• _What the task asks_: Of all the lines below, return only those starting with the line holding "(\<exists>N N' \<psi>." and going on through the line holding "M lborel \<and>", exactly as written.
[Excerpted records Boundary: Start]
(* Let $\rho$ be a finite intensity on $\Omega=B^d_+\times B^d_+$ with total mass $\Lambda>0$ such that $\mu=\rho/\Lambda$ is absolutely continuous with respect to Lebesgue measure on $\mathbb{R}^{2d}$ and neither the green nor the red marginal of $\mu$ is supported on a proper linear subspace of $\mathbb{R}^d$. Let $\phi:([0,1],\mathrm{Leb})\to(\Omega,\mu)$ be a measure-preserving Borel isomorphism (a bijection modulo null sets), and let $W(u,v)=K(\phi(u),\phi(v))$. Then $W$ is almost twin-free.
   Context: $B^d_+=\{x\in\mathbb{R}^d:x_k\ge0\ \forall k,\ \|x\|\le1\}$, $\Omega=B^d_+\times B^d_+$; $s=(\vec g_s,\vec r_s)\in\Omega$ and $K(s,t)=\vec g_s\cdot\vec r_t$. Green/red marginals are pushforwards of $\mu$ under $s\mapsto\vec g_s$, $s\mapsto\vec r_s$. For a kernel $W:[0,1]^2\to[0,1]$, two labels $u\neq u'$ are twins if $W(u,t)=W(u',t)$ for a.e. $t$ and $W(t,u)=W(t,u')$ for a.e. $t$. $W$ is almost twin-free if there is a Lebesgue-null set $N\subset[0,1]$ such that no two distinct $u,u'\in[0,1]\setminus N$ are twins. *)

theory Defs
  imports "HOL-Analysis.Analysis"
begin

definition Bplus :: "(real ^ 'd) set" where
  "Bplus = {x. (\<forall>k. 0 \<le> x $ k) \<and> norm x \<le> 1}"

text \<open>Omega = B^d_+ x B^d_+; a point s is the pair (green vector, red vector).\<close>
definition Omega :: "((real ^ 'd) \<times> (real ^ 'd)) set" where
  "Omega = Bplus \<times> Bplus"

definition Kern :: "(real ^ 'd) \<times> (real ^ 'd) \<Rightarrow> (real ^ 'd) \<times> (real ^ 'd) \<Rightarrow> real" where
  "Kern s t = inner (fst s) (snd t)"

definition green_marginal :: "((real ^ 'd) \<times> (real ^ 'd)) measure \<Rightarrow> (real ^ 'd) measure" where
  "green_marginal M = distr M borel fst"

definition red_marginal :: "((real ^ 'd) \<times> (real ^ 'd)) measure \<Rightarrow> (real ^ 'd) measure" where
  "red_marginal M = distr M borel snd"

definition supported_on :: "'a measure \<Rightarrow> 'a set \<Rightarrow> bool" where
  "supported_on M V \<longleftrightarrow> emeasure M (space M - V) = 0"

definition Leb01 :: "real measure" where
  "Leb01 = restrict_space lborel {0..1}"

definition mp_borel_iso :: "(real \<Rightarrow> 'b) \<Rightarrow> 'b set \<Rightarrow> 'b measure \<Rightarrow> bool" where
  "mp_borel_iso \<phi> Om M \<longleftrightarrow>
     \<phi> \<in> measurable Leb01 M \<and> distr Leb01 M \<phi> = M \<and> \<phi> ` {0..1} \<subseteq> Om \<and>
     (\<exists>N N' \<psi>. N \<in> null_sets Leb01 \<and> N' \<in> null_sets M \<and>
        bij_betw \<phi> ({0..1} - N) (Om - N') \<and>
        \<psi> \<in> measurable M lborel \<and>
        (\<forall>x \<in> {0..1} - N. \<psi> (\<phi> x) = x) \<and> (\<forall>y \<in> Om - N'. \<phi> (\<psi> y) = y))"

definition twins :: "(real \<Rightarrow> real \<Rightarrow> real) \<Rightarrow> real \<Rightarrow> real \<Rightarrow> bool" where
  "twins W u u' \<longleftrightarrow> u \<noteq> u' \<and>
     (AE t in lebesgue. t \<in> {0..1} \<longrightarrow> W u t = W u' t) \<and>
     (AE t in lebesgue. t \<in> {0..1} \<longrightarrow> W t u = W t u')"

definition almost_twin_free :: "(real \<Rightarrow> real \<Rightarrow> real) \<Rightarrow> bool" where
  "almost_twin_free W \<longleftrightarrow>
     (\<exists>N. N \<subseteq> {0..1} \<and> N \<in> null_sets lebesgue \<and>
        (\<forall>u \<in> {0..1} - N. \<forall>u' \<in> {0..1} - N. u \<noteq> u' \<longrightarrow> \<not> twins W u u'))"

end

theory Submission
  imports Defs
begin

text \<open>If \<open>u\<close> and \<open>u'\<close> are twins, then \<open>(g\<^sub>u - g\<^sub>u') \<bullet> r(\<phi> t) = 0\<close> for almost every \<open>t\<close>.
  Since \<open>\<phi>\<close> pushes Lebesgue measure forward to \<open>\<mu>\<close>, the red marginal is then carried by the
  hyperplane orthogonal to \<open>g\<^sub>u - g\<^sub>u'\<close>, which non-degeneracy forbids unless \<open>g\<^sub>u = g\<^sub>u'\<close>.
  Symmetrically \<open>r\<^sub>u = r\<^sub>u'\<close>, so twins have the same image under \<open>\<phi>\<close>, which is injective
  off a null set.\<close>

lemma AE_Leb01_pushforward:
  assumes meas: "\<phi> \<in> measurable Leb01 M"
    and pushforward: "distr Leb01 M \<phi> = M"
    and P: "{s \<in> space M. P s} \<in> sets M"
    and ae: "AE t in lebesgue. t \<in> {0..1} \<longrightarrow> P (\<phi> t)"
  shows "AE s in M. P s"
proof -
  have "AE t in lborel. t \<in> {0..1} \<longrightarrow> P (\<phi> t)"
    using ae by (simp only: AE_completion_iff)
  then have "AE t in Leb01. P (\<phi> t)"
    unfolding Leb01_def by (simp add: AE_restrict_space_iff)
  then have "AE s in distr Leb01 M \<phi>. P s"
    by (simp only: AE_distr_iff[OF meas P])
  then show ?thesis
    using pushforward by (simp only:)
qed

lemma supported_on_distrI:
  assumes p: "p \<in> measurable M borel"
    and V: "V \<in> sets borel"
    and ae: "AE s in M. p s \<in> V"
  shows "supported_on (distr M borel p) V"
proof -
  have "AE x in distr M borel p. x \<in> V"
    using ae V by (simp add: AE_distr_iff[OF p])
  moreover have "space (distr M borel p) - V \<in> sets (distr M borel p)"
    using V by simp
  ultimately show ?thesis
    unfolding supported_on_def by (simp add: AE_iff_measurable[OF _ refl] set_diff_eq)
qed

lemma orthogonal_AE_eq_0:
  fixes p :: "'a \<Rightarrow> 'b::euclidean_space"
  assumes p: "p \<in> measurable M borel"
    and nondegenerate: "\<And>V. subspace V \<Longrightarrow> V \<noteq> UNIV \<Longrightarrow> \<not> supported_on (distr M borel p) V"
    and ae: "AE s in M. c \<bullet> p s = 0"
  shows "c = 0"
proof (rule ccontr)
  assume "c \<noteq> 0"
  have "supported_on (distr M borel p) {x. c \<bullet> x = 0}"
    using ae by (intro supported_on_distrI[OF p] borel_closed closed_hyperplane) simp
  moreover have "{x. c \<bullet> x = 0} \<noteq> UNIV"
    using \<open>c \<noteq> 0\<close> by (simp add: hyperplane_eq_UNIV)
  ultimately show False
    using nondegenerate subspace_hyperplane by blast
qed

lemma twins_Kern_imp_eq:
  fixes M :: "((real ^ 'd) \<times> (real ^ 'd)) measure"
  assumes sets_M: "sets M = sets borel"
    and meas: "\<phi> \<in> measurable Leb01 M"
    and pushforward: "distr Leb01 M \<phi> = M"
    and green: "\<And>V. subspace V \<Longrightarrow> V \<noteq> UNIV \<Longrightarrow> \<not> supported_on (green_marginal M) V"
    and red: "\<And>V. subspace V \<Longrightarrow> V \<noteq> UNIV \<Longrightarrow> \<not> supported_on (red_marginal M) V"
    and twins: "twins (\<lambda>u v. Kern (\<phi> u) (\<phi> v)) u u'"
  shows "\<phi> u = \<phi> u'"
proof -
  define c where "c = fst (\<phi> u) - fst (\<phi> u')"
  define e where "e = snd (\<phi> u) - snd (\<phi> u')"
  have borel_M: "borel_measurable M = borel_measurable borel"
    using sets_M by (rule measurable_cong_sets) simp
  have fst_M: "fst \<in> borel_measurable M" and snd_M: "snd \<in> borel_measurable M"
    unfolding borel_M by (intro borel_measurable_continuous_onI continuous_intros)+
  have space_M: "space M = UNIV"
    using sets_eq_imp_space_eq[OF sets_M] by simp
  have "AE t in lebesgue. t \<in> {0..1} \<longrightarrow> c \<bullet> snd (\<phi> t) = 0"
    using twins unfolding twins_def
    by (auto elim!: eventually_mono simp: Kern_def c_def inner_diff_left)
  then have "AE s in M. c \<bullet> snd s = 0"
    by (intro AE_Leb01_pushforward[OF meas pushforward])
      (simp_all add: space_M sets_M borel_closed closed_Collect_eq continuous_intros)
  then have "c = 0"
    using red unfolding red_marginal_def by (intro orthogonal_AE_eq_0[OF snd_M])
  have "AE t in lebesgue. t \<in> {0..1} \<longrightarrow> e \<bullet> fst (\<phi> t) = 0"
    using twins unfolding twins_def
    by (auto elim!: eventually_mono simp: Kern_def e_def inner_diff_right inner_commute)
  then have "AE s in M. e \<bullet> fst s = 0"
    by (intro AE_Leb01_pushforward[OF meas pushforward])
      (simp_all add: space_M sets_M borel_closed closed_Collect_eq continuous_intros)
  then have "e = 0"
    using green unfolding green_marginal_def by (intro orthogonal_AE_eq_0[OF fst_M])
  show ?thesis
    using \<open>c = 0\<close> \<open>e = 0\<close> by (simp add: c_def e_def prod_eq_iff)
qed

lemma almost_twin_free_if_inj_on:
  assumes N: "N \<in> null_sets Leb01"
    and inj: "inj_on \<phi> ({0..1} - N)"
    and twins_eq: "\<And>u u'. twins W u u' \<Longrightarrow> \<phi> u = \<phi> u'"
  shows "almost_twin_free W"
proof -
  have "N \<subseteq> {0..1}" and "N \<in> null_sets lborel"
    using N unfolding Leb01_def by (simp_all add: null_sets_restrict_space)
  then show ?thesis
    unfolding almost_twin_free_def
    using inj twins_eq by (intro exI[of _ N]) (auto simp: null_sets_completionI inj_on_def)
qed

theorem mainTheorem8:
  fixes \<rho> :: "((real ^ 'd) \<times> (real ^ 'd)) measure"
    and \<phi> :: "real \<Rightarrow> (real ^ 'd) \<times> (real ^ 'd)"
    and W :: "real \<Rightarrow> real \<Rightarrow> real"
  assumes fin: "finite_measure \<rho>"
    and sets_rho: "sets \<rho> = sets borel"
    and on_Omega: "emeasure \<rho> (space \<rho> - Omega) = 0"
    and mass_pos: "emeasure \<rho> (space \<rho>) > 0"
    and mu_def: "\<mu> = scale_measure (1 / emeasure \<rho> (space \<rho>)) \<rho>"
    and ac: "absolutely_continuous lborel \<mu>"
    and green: "\<And>V. subspace V \<Longrightarrow> V \<noteq> UNIV \<Longrightarrow> \<not> supported_on (green_marginal \<mu>) V"
    and red: "\<And>V. subspace V \<Longrightarrow> V \<noteq> UNIV \<Longrightarrow> \<not> supported_on (red_marginal \<mu>) V"
    and iso: "mp_borel_iso \<phi> Omega \<mu>"
    and W_def: "\<And>u v. W u v = Kern (\<phi> u) (\<phi> v)"
  shows "almost_twin_free W"
proof -
  have sets_mu: "sets \<mu> = sets borel"
    using mu_def sets_rho by simp
  from iso have meas: "\<phi> \<in> measurable Leb01 \<mu>" and pushforward: "distr Leb01 \<mu> \<phi> = \<mu>"
    unfolding mp_borel_iso_def by simp_all
  from iso obtain N N' where N: "N \<in> null_sets Leb01"
    and bij: "bij_betw \<phi> ({0..1} - N) (Omega - N')"
    unfolding mp_borel_iso_def by blast
  have W: "W = (\<lambda>u v. Kern (\<phi> u) (\<phi> v))"
    using W_def by blast
  show ?thesis
    using almost_twin_free_if_inj_on[OF N bij_betw_imp_inj_on[OF bij]]
      twins_Kern_imp_eq[OF sets_mu meas pushforward] green red
    unfolding W by blast
qed

end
[Excerpted records Boundary: End]
• _Your response_:
     (\<exists>N N' \<psi>. N \<in> null_sets Leb01 \<and> N' \<in> null_sets M \<and>
        bij_betw \<phi> ({0..1} - N) (Om - N') \<and>
        \<psi> \<in> measurable M lborel \<and>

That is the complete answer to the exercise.